The Genetic Information Nondiscrimination Act of 2008 (GINA) protects the genetic privacy of the public, including research participants. The passage of GINA makes it illegal for health insurers or employers to request or require genetic information of an individual or of family members (and further prohibits the discriminatory use of such information).^[37] This protection does not extend to other forms of insurance such as life insurance.

The Health Insurance Portability and Accountability Act of 1996 (HIPAA) also provides some genetic privacy protections. HIPAA defines health information to include genetic information,^[38] which places restrictions on who health providers can share the information with.^[39]

State Regulation

Three kinds of laws are frequently associated with genetic privacy: those relating to informed consent and property rights, those preventing insurance discrimination, and those prohibiting employment discrimination.^[40] ^[41] According to the National Human Genome Research Institute, forty-one states have enacted genetic privacy laws as of January 2020. However, those privacy laws vary in the scope of protection offered; while some laws "apply broadly to any person" others apply "narrowly to certain entities such as insurers, employers, or researchers."

Arizona, for example, falls in the former category and offers broad protection. Currently, Arizona's genetic privacy statutes focus on the need for informed consent to create, store, or release genetic testing results,^[42] ^[43] but a pending bill would amend the state genetic privacy law framework to grant exclusive property rights in genetic information derived from genetic testing to all persons tested.^[44] In expanding privacy rights by including property rights, the bill would grant persons who undergo genetic testing greater control over their genetic information. Arizona also prohibits insurance and employment discrimination on the basis of genetic testing results.^[45] ^[46]

New York State also has strong legislative measures protecting individuals from genetic discrimination. Section 79-I of the New York Civil Rights Law places strict restrictions on the usage of genetic data. The statute also outlines the proper conditions for consenting to genetic data collection or usage.^[47]
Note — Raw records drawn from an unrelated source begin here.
lemma bisect_right_dist:
  assumes "bisect n = (a, b)" "b \<le> u" "u \<le> \<tau>"
  shows "dist (f u) (f \<tau>) \<le> S (\<tau> - \<sigma>)"
  using assms
proof (induction n arbitrary: a b)
  case 0
  then show ?case using S_nonneg by simp
next
  case (Suc n)
  obtain a0 b0 where ab0: "bisect n = (a0, b0)" by fastforce
  define m where "m = (a0 + b0) / 2"
  from ab0 show ?case
  proof (cases rule: bisect_SucE)
    case 1
    then show ?thesis using Suc.IH[OF ab0] Suc.prems by auto
  next
    case 2
    show ?thesis
    proof (cases "b0 \<le> u")
      case True
      then show ?thesis using Suc.IH[OF ab0] Suc.prems by blast
    next
      case False
      have ab: "a = a0" "b = m"
        using 2 Suc.prems unfolding m_def by auto
      have interval0: "\<sigma> \<le> a0" "a0 < b0" "b0 \<le> \<tau>"
        using bisect_interval[OF ab0] by auto
      then have halves: "m - a0 = b0 - m" "b0 - m \<le> b0 - a0" "0 \<le> b0 - m"
        unfolding m_def by (simp_all add: field_simps)
      have "dist (f u) (f \<tau>) \<le> (S (\<tau> - \<sigma>) - S (b0 - m)) + S (b0 - m)"
      proof (rule dist_le_on_interval)
        show "dist (f b0) (f \<tau>) \<le> S (\<tau> - \<sigma>) - S (b0 - m)"
          using bisect_endpoint_dist[OF ab0] S_mono[OF halves(3,2)] by linarith
        show "dist (f m) (f \<tau>) \<le> S (\<tau> - \<sigma>) - S (b0 - m)"
          using bisect_endpoint_dist[OF 2(1)[folded m_def]] halves(1) by (simp only:)
      qed (use interval0 False Suc.prems ab in \<open>auto simp: m_def\<close>)
      then show ?thesis by simp
    qed
  qed
qed

lemma bisect_limit:
  obtains \<theta> where "\<sigma> \<le> \<theta>" "\<theta> \<le> \<tau>"
    "\<And>s. \<sigma> \<le> s \<Longrightarrow> s < \<theta> \<Longrightarrow> dist (f s) (f \<sigma>) \<le> S (\<tau> - \<sigma>)"
    "\<And>u. \<theta> < u \<Longrightarrow> u \<le> \<tau> \<Longrightarrow> dist (f u) (f \<tau>) \<le> S (\<tau> - \<sigma>)"
proof -
  define A where "A n = fst (bisect n)" for n
  define B where "B n = snd (bisect n)" for n
  have AB: "bisect n = (A n, B n)" for n
    unfolding A_def B_def by simp
  have "B n - A n = (\<tau> - \<sigma>) / 2 ^ n" for n
    using bisect_interval[OF AB] by blast
  then have "A n - B n = - ((\<tau> - \<sigma>) / 2 ^ n)" for n
    by (metis minus_diff_eq)
  then have "(\<lambda>n. A n - B n) \<longlonglongrightarrow> 0"
    using tendsto_minus[OF LIMSEQ_divide_realpow_zero[of 2 "\<tau> - \<sigma>"]] by simp
  then have "\<exists>\<theta>. ((\<forall>n. A n \<le> \<theta>) \<and> A \<longlonglongrightarrow> \<theta>) \<and> ((\<forall>n. \<theta> \<le> B n) \<and> B \<longlonglongrightarrow> \<theta>)"
    using bisect_nested bisect_less unfolding A_def B_def
    by (intro nested_sequence_unique) (auto intro: less_imp_le)
  then obtain \<theta> where A: "\<And>n. A n \<le> \<theta>" "A \<longlonglongrightarrow> \<theta>" and B: "\<And>n. \<theta> \<le> B n" "B \<longlonglongrightarrow> \<theta>"
    by blast
  show thesis
  proof (rule that)
    show "\<sigma> \<le> \<theta>" "\<theta> \<le> \<tau>"
      using A(1)[of 0] B(1)[of 0] unfolding A_def B_def by auto
  next
    fix s assume "\<sigma> \<le> s" "s < \<theta>"
    moreover obtain n where "s < A n"
      using order_tendstoD(1)[OF A(2) \<open>s < \<theta>\<close>] by (auto simp: eventually_sequentially)
    ultimately show "dist (f s) (f \<sigma>) \<le> S (\<tau> - \<sigma>)"
      using bisect_left_dist[OF AB[of n], of s] by simp
  next
    fix u assume "\<theta> < u" "u \<le> \<tau>"
    moreover obtain n where "B n < u"
      using order_tendstoD(2)[OF B(2) \<open>\<theta> < u\<close>] by (auto simp: eventually_sequentially)
    ultimately show "dist (f u) (f \<tau>) \<le> S (\<tau> - \<sigma>)"
      using bisect_right_dist[OF AB[of n], of u] by simp
  qed
qed

lemma Nint_le_dyadic_sum: "Nint f \<sigma> \<tau> \<le> ereal (S (\<tau> - \<sigma>))"
proof -
  obtain \<theta> where \<theta>: "\<sigma> \<le> \<theta>" "\<theta> \<le> \<tau>"
    and left: "\<And>s. \<sigma> \<le> s \<Longrightarrow> s < \<theta> \<Longrightarrow> dist (f s) (f \<sigma>) \<le> S (\<tau> - \<sigma>)"
    and right_open: "\<And>u. \<theta> < u \<Longrightarrow> u \<le> \<tau> \<Longrightarrow> dist (f u) (f \<tau>) \<le> S (\<tau> - \<sigma>)"
    using bisect_limit by blast
  have right: "dist (f u) (f \<tau>) \<le> S (\<tau> - \<sigma>)" if "\<theta> \<le> u" "u \<le> \<tau>" for u
  proof (cases "u = \<theta> \<and> \<theta> < \<tau>")
    case True
    show ?thesis
    proof (rule dist_le_of_right_approach)
      show "continuous (at_right u) f"
        using True \<theta> by (intro right_cont) auto
      show "\<exists>y. u < y \<and> y < u + d \<and> dist (f y) (f \<tau>) \<le> S (\<tau> - \<sigma>)" if "0 < d" for d
        using True that by (intro exI[of _ "min \<tau> (u + d / 2)"] conjI right_open) auto
    qed
  next
    case False
    with that have "\<theta> < u \<or> u = \<tau>"
      by auto
    then show ?thesis
      using right_open[OF _ that(2)] S_nonneg by auto
  qed
  show ?thesis
  proof (cases "\<sigma> < \<theta>")
    case True
    with \<theta> left right show ?thesis
      by (intro Nint_le[of \<sigma> \<theta>]) (auto simp: dist_commute)
  next
    case False
    with \<theta> interval show ?thesis
      by (intro Nint_le_right_cont right_cont S_nonneg right) auto
  qed
qed

end

lemma Delta_midpoint_le_at_left_end:
  fixes f :: "real \<Rightarrow> 'a::metric_space"
  assumes "a < b" "continuous (at_right a) f" "continuous (at_right ((a + b) / 2)) f"
    and inner: "\<And>a'. a < a' \<Longrightarrow> a' < b \<Longrightarrow> Delta f a' ((a' + b) / 2) b \<le> w * (b - a') powr \<mu>"
  shows "Delta f a ((a + b) / 2) b \<le> w * (b - a) powr \<mu>"
proof (rule tendsto_le[of "at_right a"])
  have "filterlim (\<lambda>s. (s + b) / 2) (at_right ((a + b) / 2)) (at_right a)"
    by (rule tendsto_imp_filterlim_at_right)
      (auto intro!: tendsto_eq_intros eventually_at_rightI[of a b] simp: assms(1))
  then have "((\<lambda>s. f ((s + b) / 2)) \<longlongrightarrow> f ((a + b) / 2)) (at_right a)"
    using assms(3) by (auto simp: continuous_within intro: filterlim_compose)
  then show "((\<lambda>s. Delta f s ((s + b) / 2) b) \<longlongrightarrow> Delta f a ((a + b) / 2) b) (at_right a)"
    using assms(2) unfolding Delta_def continuous_within by (intro tendsto_min tendsto_dist tendsto_const)
  show "((\<lambda>s. w * (b - s) powr \<mu>) \<longlongrightarrow> w * (b - a) powr \<mu>) (at_right a)"
    using assms(1) by (auto intro!: tendsto_eq_intros)
  show "\<forall>\<^sub>F s in at_right a. Delta f s ((s + b) / 2) b \<le> w * (b - s) powr \<mu>"
    using assms(1) by (auto intro!: inner eventually_at_rightI[of a b])
qed simp

lemma midpoint_le_of_wedge_semi_le:
  fixes f :: "real \<Rightarrow> 'a::metric_space"
  assumes right_cont: "\<And>t. 0 \<le> t \<Longrightarrow> t < 1 \<Longrightarrow> continuous (at_right t) f"
    and wedge: "wedge_semi \<mu> f \<le> ereal w"
    and ab: "0 \<le> a" "a < b" "b \<le> 1"
  shows "Delta f a ((a + b) / 2) b \<le> w * (b - a) powr \<mu>"
proof -
  have inner: "Delta f a' ((a' + b') / 2) b' \<le> w * (b' - a') powr \<mu>"
    if "0 < a'" "a' < b'" "b' \<le> 1" for a' b'
  proof -
    have "ereal (Delta f a' ((a' + b') / 2) b' / (b' - a') powr \<mu>) \<le> wedge_semi \<mu> f"
      unfolding wedge_semi_def using that by (intro SUP_upper2[of "(a', b')"]) auto
    then have "ereal (Delta f a' ((a' + b') / 2) b' / (b' - a') powr \<mu>) \<le> ereal w"
      using wedge by (rule order_trans)
    then show ?thesis
      using that by (simp add: pos_divide_le_eq)
  qed
  show ?thesis
  proof (cases "a = 0")
    case True
    show ?thesis
    proof (rule Delta_midpoint_le_at_left_end)
      show "continuous (at_right a) f" "continuous (at_right ((a + b) / 2)) f"
        using ab by (auto intro!: right_cont)
      show "Delta f a' ((a' + b) / 2) b \<le> w * (b - a') powr \<mu>" if "a < a'" "a' < b" for a'
        using that ab True by (intro inner) auto
    qed (use ab in auto)
  next
    case False
    with ab show ?thesis
      by (intro inner) auto
  qed
qed

lemma Neta_le_dyadic_sum:
  fixes f :: "real \<Rightarrow> 'a::metric_space"
  assumes "0 < \<mu>" and right_cont: "\<And>t. 0 \<le> t \<Longrightarrow> t < 1 \<Longrightarrow> continuous (at_right t) f"
    and wedge: "wedge_semi \<mu> f \<le> ereal w"
  shows "Neta f \<eta> \<le> ereal (dyadic_sum \<mu> w \<eta>)"
  unfolding Neta_def
proof (rule SUP_least, clarify)
  fix \<sigma> \<tau> :: real assume \<sigma>\<tau>: "0 \<le> \<sigma>" "\<sigma> < \<tau>" "\<tau> \<le> 1" "\<tau> - \<sigma> \<le> \<eta>"
  interpret midpoint_bounded f \<mu> w \<sigma> \<tau>
  proof
    show "continuous (at_right t) f" if "\<sigma> \<le> t" "t < \<tau>" for t
      using that \<sigma>\<tau> by (intro right_cont) auto
    show "Delta f a ((a + b) / 2) b \<le> w * (b - a) powr \<mu>" if "\<sigma> \<le> a" "a < b" "b \<le> \<tau>" for a b
      using that \<sigma>\<tau> by (intro midpoint_le_of_wedge_semi_le[OF right_cont wedge]) auto
  qed (use \<sigma>\<tau> assms(1) in auto)
  have "Nint f \<sigma> \<tau> \<le> ereal (S (\<tau> - \<sigma>))"
    by (rule Nint_le_dyadic_sum)
  also have "\<dots> \<le> ereal (S \<eta>)"
    using S_mono[of "\<tau> - \<sigma>" \<eta>] \<sigma>\<tau> by simp
  finally show "Nint f \<sigma> \<tau> \<le> ereal (dyadic_sum \<mu> w \<eta>)" .
qed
California similarly offers a broad range of protection for genetic privacy, but it stops short of granting individuals property rights in their genetic information. While currently enacted legislation focuses on prohibiting genetic discrimination in employment^[48] and insurance,^[49] a piece of pending legislation would extend genetic privacy rights to provide individuals with greater control over genetic information obtained through direct-to-consumer testing services like 23andMe.^[50]

Florida passed House Bill 1189, a DNA privacy law that prohibits insurers from using genetic data, in July 2020.^[51]
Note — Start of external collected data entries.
definition contracted_pairing ::
  "('h \<Rightarrow> 'h \<Rightarrow> complex) \<Rightarrow> ('t \<Rightarrow> 'h) \<Rightarrow> 't fock_rep \<Rightarrow> 'h list \<Rightarrow> ('t \<Rightarrow> complex) \<Rightarrow> complex" where
  "contracted_pairing ip \<iota> \<Psi> vs \<phi> =
     (\<Sum>ps | \<Psi> ps \<noteq> 0 \<and> length ps = Suc (length vs). \<Sum>\<sigma> | \<sigma> permutes {..<Suc (length vs)}.
        \<Psi> ps * (\<Prod>i<length vs. ip (vs ! i) (\<iota> (ps ! \<sigma> (Suc i)))) * \<phi> (ps ! \<sigma> 0))"

lemma fock_pairing_Cons:
  "fock_pairing ip \<iota> \<Psi> (w # vs) =
     contracted_pairing ip \<iota> \<Psi> vs (\<lambda>t. ip w (\<iota> t)) / fact (Suc (length vs))"
proof -
  have "sym_tensor_pairing ip \<iota> (w # vs) ps = (\<Sum>\<sigma> | \<sigma> permutes {..<Suc (length vs)}.
      (\<Prod>i<length vs. ip (vs ! i) (\<iota> (ps ! \<sigma> (Suc i)))) * ip w (\<iota> (ps ! \<sigma> 0))) / fact (Suc (length vs))"
    if "length ps = Suc (length vs)" for ps
    unfolding sym_tensor_pairing_def that prod.lessThan_Suc_shift
    by (simp add: mult.commute del: fact_Suc)
  then show ?thesis
    by (simp add: fock_pairing_def contracted_pairing_def sum_divide_distrib sum_distrib_left mult.assoc)
qed

lemma sym_tensor_pairing_permute_left:
  assumes "length qs = length ws"
  shows "sym_tensor_pairing ip \<iota> ws qs = (\<Sum>\<tau> | \<tau> permutes {..<length ws}.
    \<Prod>i<length ws. ip (permute_list \<tau> ws ! i) (\<iota> (qs ! i))) / fact (length ws)"
proof -
  have "(\<Prod>i<length ws. ip (ws ! i) (\<iota> (qs ! inv \<tau> i))) =
      (\<Prod>i<length ws. ip (permute_list \<tau> ws ! i) (\<iota> (qs ! i)))"
    if "\<tau> permutes {..<length ws}" for \<tau>
    using that by (subst prod.permute[OF that]) (simp add: permutes_inverses(2) permute_list_nth)
  then show ?thesis
    unfolding sym_tensor_pairing_def assms
    by (subst sum_permutations_inverse) simp
qed
lemma orth_proj_complement_decomp:
  fixes v :: "real vec"
  assumes v: "v \<in> carrier_vec k"
    and ws: "set ws \<subseteq> carrier_vec k" and perp: "\<forall>w\<in>set ws. v \<bullet> w = 0"
    and pr: "\<forall>i<k. orth_proj k ws (unit_vec k i - (v $ i) \<cdot>\<^sub>v v) = unit_vec k i - (v $ i) \<cdot>\<^sub>v v"
    and z: "z \<in> carrier_vec k"
  shows "z = (v \<bullet> z) \<cdot>\<^sub>v v + orth_proj k ws z"
proof -
  define K where "K i l = (\<Sum>j<length ws. ws ! j $ i * ws ! j $ l)" for i l
  have wc: "\<And>j. j < length ws \<Longrightarrow> ws ! j \<in> carrier_vec k" using ws by (auto simp: nth_mem subsetD)
  have wv: "\<And>j. j < length ws \<Longrightarrow> ws ! j \<bullet> v = 0"
    using perp wc v by (metis comm_scalar_prod nth_mem)
  have K: "K i l = (if i = l then 1 else 0) - v$i * v$l" if i: "i < k" and l: "l < k" for i l
  proof -
    have "orth_proj k ws (unit_vec k i - (v $ i) \<cdot>\<^sub>v v) $ l = (unit_vec k i - (v $ i) \<cdot>\<^sub>v v) $ l"
      using pr i by simp
    moreover have "ws ! j \<bullet> (unit_vec k i - (v $ i) \<cdot>\<^sub>v v) = ws ! j $ i" if "j < length ws" for j
      using wc[OF that] wv[OF that] i v
      by (simp add: scalar_prod_minus_distrib)
    ultimately show ?thesis using l i v unfolding orth_proj_def K_def by auto
  qed
  show ?thesis
  proof (rule eq_vecI)
    fix l assume "l < dim_vec ((v \<bullet> z) \<cdot>\<^sub>v v + orth_proj k ws z)"
    then have l: "l < k" using v by simp
    have "orth_proj k ws z $ l = (\<Sum>j<length ws. (\<Sum>i<k. ws ! j $ i * z $ i) * ws ! j $ l)"
      unfolding orth_proj_def using l wc z by (auto simp: scalar_prod_def lessThan_atLeast0 intro!: sum.cong)
    also have "\<dots> = (\<Sum>i<k. z $ i * K i l)"
      unfolding K_def by (simp add: sum_distrib_left sum_distrib_right mult_ac sum.swap[of _ "{..<k}"])
    also have "\<dots> = (\<Sum>i<k. (if i = l then z $ i else 0) - v $ l * (v $ i * z $ i))"
      by (intro sum.cong refl, auto simp: K l algebra_simps)
    also have "\<dots> = z $ l - v $ l * (v \<bullet> z)"
      using l z by (simp add: sum_subtractf sum_distrib_left[symmetric] scalar_prod_def lessThan_atLeast0)
    finally show "z $ l = ((v \<bullet> z) \<cdot>\<^sub>v v + orth_proj k ws z) $ l" using l v by simp
  qed (use v z in simp)
qed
On the other hand, Mississippi offers few genetic privacy protections beyond those required by the federal government. In the Mississippi Employment Fairness Act, the legislature recognized the applicability of the Genetic Information Nondiscrimination Act,^[52] which "prohibit[s] discrimination on the basis of genetic information with respect to health insurance and employment."^[53] ^[54]

Other

To balance data sharing with the need to protect the privacy of research subjects geneticists are considering to move more data behind controlled-access barriers, authorizing trusted users to access the data from many studies, rather than "having to obtain it piecemeal from different studies".
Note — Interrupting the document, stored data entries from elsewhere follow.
lemma lleaf_le_mult_pure: "lleaf \<rho>1 \<rho>0 a b \<le> lleaf \<rho>1 \<rho>0 a 0 * lleaf \<rho>1 \<rho>0 0 b"
proof -
  have "Beta (\<rho>1 + real a) (\<rho>0 + real b) * Beta \<rho>1 \<rho>0 \<le> Beta (\<rho>1 + real a) \<rho>0 * Beta \<rho>1 (\<rho>0 + real b)"
    using \<rho>1_pos \<rho>0_pos by (intro Beta_shift_ratio_antimono_right) auto
  then show ?thesis
    unfolding lleaf_def using Beta_pos[OF \<rho>1_pos \<rho>0_pos] by (simp add: field_simps add_ac)
qed

lemma lleaf_pure_left_supermult: "lleaf \<rho>1 \<rho>0 a 0 * lleaf \<rho>1 \<rho>0 b 0 \<le> lleaf \<rho>1 \<rho>0 (a + b) 0"
proof -
  have "Beta (\<rho>1 + real b) \<rho>0 * Beta (\<rho>1 + real a) \<rho>0 \<le> Beta (\<rho>1 + real a + real b) \<rho>0 * Beta \<rho>1 \<rho>0"
    using \<rho>1_pos \<rho>0_pos by (intro Beta_shift_ratio_mono_left) auto
  then show ?thesis
    unfolding lleaf_def using Beta_pos[OF \<rho>1_pos \<rho>0_pos] by (simp add: field_simps add_ac)
qed

lemma lleaf_pure_right_supermult: "lleaf \<rho>1 \<rho>0 0 a * lleaf \<rho>1 \<rho>0 0 b \<le> lleaf \<rho>1 \<rho>0 0 (a + b)"
proof -
  have "Beta (\<rho>0 + real b) \<rho>1 * Beta (\<rho>0 + real a) \<rho>1 \<le> Beta (\<rho>0 + real a + real b) \<rho>1 * Beta \<rho>0 \<rho>1"
    using \<rho>1_pos \<rho>0_pos by (intro Beta_shift_ratio_mono_left) auto
  then show ?thesis
    unfolding lleaf_def using Beta_pos[OF \<rho>1_pos \<rho>0_pos]
    by (simp add: field_simps add_ac Beta_commute[of \<rho>1])
qed

lemma ln_lleaf_le_add_pure:
  "ln (lleaf \<rho>1 \<rho>0 a b) \<le> ln (lleaf \<rho>1 \<rho>0 a 0) + ln (lleaf \<rho>1 \<rho>0 0 b)"
  using lleaf_le_mult_pure[of a b] lleaf_pos by (subst ln_mult_pos[symmetric]) auto

end

lemma psplit_pos: "0 < \<alpha> \<Longrightarrow> 0 < psplit \<alpha> \<beta> d"
  unfolding psplit_def by simp

lemma psplit_le: assumes "0 \<le> \<alpha>" "0 \<le> \<beta>" shows "psplit \<alpha> \<beta> d \<le> \<alpha>"
proof -
  have "1 \<le> (1 + real d) powr \<beta>"
    using assms by (intro ge_one_powr_ge_zero) auto
  then have "(1 + real d) powr (- \<beta>) \<le> 1"
    by (simp add: powr_minus_divide)
  then show ?thesis
    unfolding psplit_def using assms by (simp add: mult_left_le)
qed

lemma nlog_of_pos: "p > 0 \<Longrightarrow> nlog p = ereal (- ln p)"
  unfolding nlog_def by simp

lemma cnt_restr_split:
  assumes "finite I"
  shows "cnt Y (restr X I f False) k + cnt Y (restr X I f True) k = cnt Y I k"
proof -
  have "{i \<in> I. Y i = k} = {i \<in> restr X I f False. Y i = k} \<union> {i \<in> restr X I f True. Y i = k}"
    unfolding restr_def by auto
  then show ?thesis
    unfolding cnt_def using assms by (simp add: card_Un_disjoint restr_def disjoint_iff)
qed

lemma finite_Vset: "finite (Vset F X I)"
  unfolding Vset_def by simp

lemma restr_False_ne_True: "f \<in> Vset F X I \<Longrightarrow> restr X I f False \<noteq> restr X I f True"
  unfolding Vset_def restr_def by auto

lemma reachable_AndN:
  assumes "reachable N F X (AndN I d f)"
  shows "I \<noteq> {} \<and> I \<subseteq> {1..N} \<and> d < F \<and> f \<in> Vset F X I"
proof -
  have "(root N, AndN I d f) \<in> {(u, w). edge N F X u w}\<^sup>*"
    using assms unfolding reachable_def .
  then show ?thesis
  proof (cases rule: rtranclE)
    case base
    then show ?thesis by (simp add: root_def)
  next
    case (step u)
    then show ?thesis by (cases u) auto
  qed
qed

lemma edge_AndN_children:
  assumes "I \<noteq> {}" "I \<subseteq> {1..N}" "d < F" "f \<in> Vset F X I"
  shows "{c. edge N F X (AndN I d f) c}
           = {OrN (restr X I f False) (d + 1), OrN (restr X I f True) (d + 1)}"
proof (intro set_eqI iffI)
  fix c
  assume "c \<in> {c. edge N F X (AndN I d f) c}"
  then show "c \<in> {OrN (restr X I f False) (d + 1), OrN (restr X I f True) (d + 1)}"
    by (cases c) auto
qed (use assms in auto)

lemma heur_AndN_eq_sum:
  assumes "reachable N F X (AndN I d f)"
  shows "ereal (heur \<rho>1 \<rho>0 \<alpha> \<beta> X Y (AndN I d f))
           = (\<Sum>c \<in> {c. edge N F X (AndN I d f) c}.
                cost \<rho>1 \<rho>0 \<alpha> \<beta> F X Y (AndN I d f) c + ereal (heur \<rho>1 \<rho>0 \<alpha> \<beta> X Y c))"
proof -
  have "I \<noteq> {}" "I \<subseteq> {1..N}" "d < F" and f: "f \<in> Vset F X I"
    using reachable_AndN[OF assms] by auto
  then show ?thesis
    using restr_False_ne_True[OF f] by (simp add: edge_AndN_children)
qed

context
  fixes \<rho>1 \<rho>0 \<alpha> \<beta> :: real
  assumes \<rho>1_pos: "\<rho>1 > 0" and \<rho>0_pos: "\<rho>0 > 0"
    and \<alpha>_pos: "0 < \<alpha>" and \<alpha>_less_1: "\<alpha> < 1" and \<beta>_nonneg: "\<beta> \<ge> 0"
begin

lemma psplit_bounds: "0 < psplit \<alpha> \<beta> d" "psplit \<alpha> \<beta> d < 1"
  using psplit_pos[OF \<alpha>_pos] psplit_le[of \<alpha> \<beta> d] \<alpha>_pos \<alpha>_less_1 \<beta>_nonneg by auto

lemma hOr_ge_pure:
  "- (ln (lleaf \<rho>1 \<rho>0 (cnt Y I True) 0) + ln (lleaf \<rho>1 \<rho>0 0 (cnt Y I False)))
     \<le> hOr \<rho>1 \<rho>0 \<alpha> \<beta> Y I d"
proof -
  have "ln (psplit \<alpha> \<beta> d) \<le> 0"
    using psplit_bounds[of d] by simp
  then show ?thesis
    using ln_lleaf_le_add_pure[OF \<rho>1_pos \<rho>0_pos, of "cnt Y I True" "cnt Y I False"]
    unfolding hOr_def by linarith
qed

lemma heur_OrN_le_TermN:
  "ereal (heur \<rho>1 \<rho>0 \<alpha> \<beta> X Y (OrN I d))
     \<le> cost \<rho>1 \<rho>0 \<alpha> \<beta> F X Y (OrN I d) (TermN J e) + ereal (heur \<rho>1 \<rho>0 \<alpha> \<beta> X Y (TermN J e))"
proof -
  have pleaf: "0 < pleaf \<alpha> \<beta> F X d I" "pleaf \<alpha> \<beta> F X d I \<le> 1"
    unfolding pleaf_def using psplit_bounds[of d] by auto
  then have "ln (pleaf \<alpha> \<beta> F X d I) \<le> 0"
    by simp
  then have "hOr \<rho>1 \<rho>0 \<alpha> \<beta> Y I d
      \<le> - ln (pleaf \<alpha> \<beta> F X d I) + - ln (lleaf \<rho>1 \<rho>0 (cnt Y I True) (cnt Y I False))"
    unfolding hOr_def by linarith
  then show ?thesis
    using pleaf lleaf_pos[OF \<rho>1_pos \<rho>0_pos] by (simp add: nlog_of_pos)
qed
In October 2005, IBM became the world's first major corporation to establish a genetics privacy policy. Its policy prohibits using employees' genetic information in employment decisions.^[55]

Breaching techniques

According to a 2014 study by Yaniv Erlich and Arvind Narayanan, genetic privacy breaching techniques fall into three categories:^[56]

Identity Tracing

Here the aim is to link between an unknown genome and the concealed identity of the data originator by accumulating quasi-identifiers − residual pieces of information that are embedded in the dataset − and to gradually narrow down the possible individuals that match the combination of these quasi-identifiers.

Attribute Disclosure Attacks via DNA (ADAD)

Here the adversary already has access to the identified DNA sample of the target and to a database that links DNA-derived data to sensitive attributes without explicit identifiers, for example a public database of the genetic study of drug abuse. The ADAD techniques match the DNA data and associate the identity of the target with the sensitive attribute

Completion Techniques

Here the adversary also knows the identity of a genomic dataset but has access only to a sanitized version without sensitive loci. The aim here is to expose the sensitive loci that are not part of the original data.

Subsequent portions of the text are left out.